## TASK STATEMENT
Give only the number of lines in the records that contain the word "such".

## DATASET EXTRACT
lemma norm_diff_normalize_le:
  fixes a b :: "'a::real_inner"
  assumes a: "1 \<le> norm a" and b: "1 \<le> norm b"
  shows "norm ((1 / norm a) *\<^sub>R a - (1 / norm b) *\<^sub>R b) \<le> norm (a - b)"
proof -
  define s t p where "s = norm a" and "t = norm b" and "p = a \<bullet> b"
  have s: "1 \<le> s" and t: "1 \<le> t" using a b by (auto simp: s_def t_def)
  have st: "1 \<le> s * t" using s t by (metis mult_mono' mult_1 zero_le_one order_trans)
  have p: "p \<le> s * t" unfolding p_def s_def t_def by (rule norm_cauchy_schwarz)
  have aa: "a \<bullet> a = s\<^sup>2" and bb: "b \<bullet> b = t\<^sup>2" by (simp_all add: s_def t_def power2_norm_eq_inner)
  have "(norm ((1 / s) *\<^sub>R a - (1 / t) *\<^sub>R b))\<^sup>2 = (1/s)\<^sup>2 * (a \<bullet> a) + (1/t)\<^sup>2 * (b \<bullet> b) - 2 * (p / (s * t))"
    unfolding power2_norm_eq_inner p_def
    by (simp add: inner_diff_left inner_diff_right inner_commute[of b a] power2_eq_square algebra_simps)
  also have "\<dots> = 2 - 2 * (p / (s * t))" using s t aa bb by (simp add: field_simps power2_eq_square)
  also have "\<dots> \<le> s\<^sup>2 + t\<^sup>2 - 2 * p"
  proof -
    have "s\<^sup>2 + t\<^sup>2 - 2 * p - (2 - 2 * (p / (s * t))) = (s - t)\<^sup>2 + 2 * (s * t - p) * (1 - 1 / (s * t))"
      using s t by (simp add: field_simps power2_eq_square)
    moreover have "0 \<le> 2 * (s * t - p) * (1 - 1 / (s * t))" using p st by simp
    ultimately show ?thesis using zero_le_power2[of "s - t"] by linarith
  qed
  also have "\<dots> = (norm (a - b))\<^sup>2"
    unfolding power2_norm_eq_inner p_def using aa bb
    by (simp add: inner_diff_left inner_diff_right inner_commute[of b a])
  finally show ?thesis unfolding s_def t_def by (rule power2_le_imp_le) simp
qed

section \<open>Hat functions and nodal interpolation\<close>

locale fe_mesh =
  fixes \<Omega> :: "(real^'d) set" and Tv :: "(real^'d) set set"
  assumes mesh: "simplicial_mesh \<Omega> Tv" and open_domain: "open \<Omega>" and bounded_domain: "bounded \<Omega>"
begin

abbreviation N :: "(real^'d) set" where
  "N \<equiv> nodes Tv"

lemma finite_mesh: "finite Tv"
  and finite_element: "V \<in> Tv \<Longrightarrow> finite V"
  and card_element: "V \<in> Tv \<Longrightarrow> card V = CARD('d) + 1"
  and element_affine_independent: "V \<in> Tv \<Longrightarrow> \<not> affine_dependent V"
  and mesh_covers: "\<Union>((\<lambda>V. convex hull V) ` Tv) = closure \<Omega>"
  and mesh_conforming: "V \<in> Tv \<Longrightarrow> W \<in> Tv \<Longrightarrow> convex hull V \<inter> convex hull W = convex hull (V \<inter> W)"
  using mesh unfolding simplicial_mesh_def by auto

lemma finite_nodes: "finite N"
  using finite_mesh finite_element by (auto simp: nodes_def)

lemma element_subset_nodes: "V \<in> Tv \<Longrightarrow> V \<subseteq> N"
  by (auto simp: nodes_def)

lemma closed_element: "V \<in> Tv \<Longrightarrow> closed (convex hull V)"
  by (simp add: compact_imp_closed finite_element finite_imp_compact_convex_hull)

lemma element_subset_closure: "V \<in> Tv \<Longrightarrow> convex hull V \<subseteq> closure \<Omega>"
  using mesh_covers by blast

lemma closure_covered: "x \<in> closure \<Omega> \<Longrightarrow> \<exists>V\<in>Tv. x \<in> convex hull V"
  using mesh_covers by blast

lemma node_in_closure: "z \<in> N \<Longrightarrow> z \<in> closure \<Omega>"
  using element_subset_closure hull_inc by (fastforce simp: nodes_def)

definition local_hat :: "(real^'d) set \<Rightarrow> real^'d \<Rightarrow> real^'d \<Rightarrow> real" where
  "local_hat V z = (SOME \<phi>. (\<exists>A b. linear A \<and> \<phi> = (\<lambda>x. A x + b)) \<and>
                           (\<forall>v\<in>V. \<phi> v = (if v = z then 1 else 0)))"

lemma local_hat:
  assumes "V \<in> Tv"
  shows "\<exists>A b. linear A \<and> local_hat V z = (\<lambda>x. A x + b)"
    and "v \<in> V \<Longrightarrow> local_hat V z v = (if v = z then 1 else 0)"
proof -
  let ?P = "\<lambda>\<phi>. (\<exists>A b. linear A \<and> \<phi> = (\<lambda>x. A x + b)) \<and> (\<forall>v\<in>V. \<phi> v = (if v = z then 1 else 0))"
  obtain A b where "linear A" "\<forall>v\<in>V. A v + b = (if v = z then 1 else (0::real))"
    using affine_fun_interpolation_exists[OF element_affine_independent[OF assms],
        of "\<lambda>v. if v = z then 1 else 0"] by blast
  then have "?P (\<lambda>x. A x + b)" by blast
  then have "?P (local_hat V z)" unfolding local_hat_def by (rule someI[of ?P])
  then show "\<exists>A b. linear A \<and> local_hat V z = (\<lambda>x. A x + b)"
    and "v \<in> V \<Longrightarrow> local_hat V z v = (if v = z then 1 else 0)"
    by auto
qed

lemma local_hat_agree:
  assumes "V \<in> Tv" "W \<in> Tv" "x \<in> convex hull V" "x \<in> convex hull W"
  shows "local_hat V z x = local_hat W z x"
proof -
  obtain A b where A: "linear A" "local_hat V z = (\<lambda>x. A x + b)" using local_hat(1)[OF assms(1)] by blast
  obtain A' b' where A': "linear A'" "local_hat W z = (\<lambda>x. A' x + b')" using local_hat(1)[OF assms(2)] by blast
  have "x \<in> convex hull (V \<inter> W)" using mesh_conforming[OF assms(1,2)] assms(3,4) by blast
  moreover have "finite (V \<inter> W)" using finite_element[OF assms(1)] by simp
  moreover have "A v + b = A' v + b'" if "v \<in> V \<inter> W" for v
    using local_hat(2)[OF assms(1), of v z] local_hat(2)[OF assms(2), of v z] A(2) A'(2) that by simp
  ultimately have "A x + b = A' x + b'"
    using affine_fun_eq_on_convex_hull[OF A(1) A'(1)] by blast
  then show ?thesis using A(2) A'(2) by simp
qed

text \<open>Well defined because the mesh is conforming: the affine pieces agree on common faces.\<close>
definition glued_hat :: "real^'d \<Rightarrow> real^'d \<Rightarrow> real" where
  "glued_hat z x = (if x \<in> closure \<Omega> then local_hat (SOME V. V \<in> Tv \<and> x \<in> convex hull V) z x else 0)"
(* Let $\sigma>0$ and $k\in\mathbb{N}$ be such that $k^2\sigma\le1$. Then $\mathcal K_G^\sigma T_k$ is a polynomial of degree $k$ that satisfies \[ \|T_k-\mathcal K_G^\sigma T_k\|_\infty\le\tfrac12k^4\sigma^2\quad\text{and}\quad\|\mathcal K_G^\sigma T_k-T_k\|_{1,\mathrm{cheb}}\le k^{9/2}\sigma^2. \]
   Context: $T_k(x)=\cos(k\arccos x)$ is the Chebyshev polynomial of the first kind (as a polynomial on $\mathbb{R}$). $\mathcal K_G^\sigma(f)(x)=\int_{\mathbb{R}}\frac1{\sqrt{2\pi}\sigma}\exp\!\left(-\frac{(x-y)^2}{2\sigma^2}\right)f(y)\,dy$. $\|g\|_\infty=\sup_{x\in[-1,1]}|g(x)|$; for a univariate polynomial $p=\sum_jc_jT_j$, $\|p\|_{1,\mathrm{cheb}}=\sum_j|c_j|$. *)

theory Defs
  imports "HOL-Analysis.Analysis" "HOL-Computational_Algebra.Polynomial"
begin

definition cheb_T :: "nat \<Rightarrow> real poly" where
  "cheb_T k = (THE p. \<forall>x\<in>{-1..1}. poly p x = cos (real k * arccos x))"

definition gauss_conv :: "real \<Rightarrow> (real \<Rightarrow> real) \<Rightarrow> real \<Rightarrow> real" where
  "gauss_conv \<sigma> f x =
     integral UNIV (\<lambda>y. (1 / (sqrt (2 * pi) * \<sigma>)) * exp (- ((x - y)^2) / (2 * \<sigma>^2)) * f y)"

definition sup_norm_11 :: "(real \<Rightarrow> real) \<Rightarrow> real" where
  "sup_norm_11 g = (SUP x\<in>{-1..1}. \<bar>g x\<bar>)"

definition cheb_coeff :: "real poly \<Rightarrow> nat \<Rightarrow> real" where
  "cheb_coeff p = (THE c. (\<forall>j>degree p. c j = 0) \<and>
                        p = (\<Sum>j\<le>degree p. smult (c j) (cheb_T j)))"

definition cheb_norm1 :: "real poly \<Rightarrow> real" where
  "cheb_norm1 p = (\<Sum>j\<le>degree p. \<bar>cheb_coeff p j\<bar>)"

end

theory Submission
  imports Defs "HOL-Probability.Probability"
begin

text \<open>
  Expanding a polynomial in its Taylor series around x and integrating the Gaussian moments
  gives K T_k = T_k + D with D = sum_{j=1..k} sigma^(2j) / (2^j j!) T_k^(2j). Since
  T_n' = n U_(n-1) and U_n = U_(n-2) + 2 T_n, every derivative of T_k, and hence D, is a
  nonnegative combination of T_0, ..., T_k. For such a combination p both the sup norm on
  [-1, 1] and the Chebyshev 1-norm equal p(1), because |T_j| <= 1 = T_j(1) there, and
  p'(1) <= k^2 p(1) because T_j'(1) = j^2. Hence T_k^(m)(1) <= k^(2m), and with k^2 sigma <= 1
  the series D(1) is at most k^4 sigma^2 / 2, which is also below k^(9/2) sigma^2.
\<close>

lemma smult_numeral: "smult (numeral n) p = numeral n * (p :: 'a::comm_semiring_1 poly)"
  by (simp add: numeral_poly)

lemma pCons_0_numeral: "[:0, numeral n:] = numeral n * ([:0, 1:] :: 'a::comm_semiring_1 poly)"
  by (simp add: numeral_poly flip: smult_numeral)

lemma smult_sum_right: "smult a (sum f A) = (\<Sum>x\<in>A. smult a (f x))"
  by (induction A rule: infinite_finite_induct) (simp_all add: smult_add_right)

## YOUR SOLUTION
2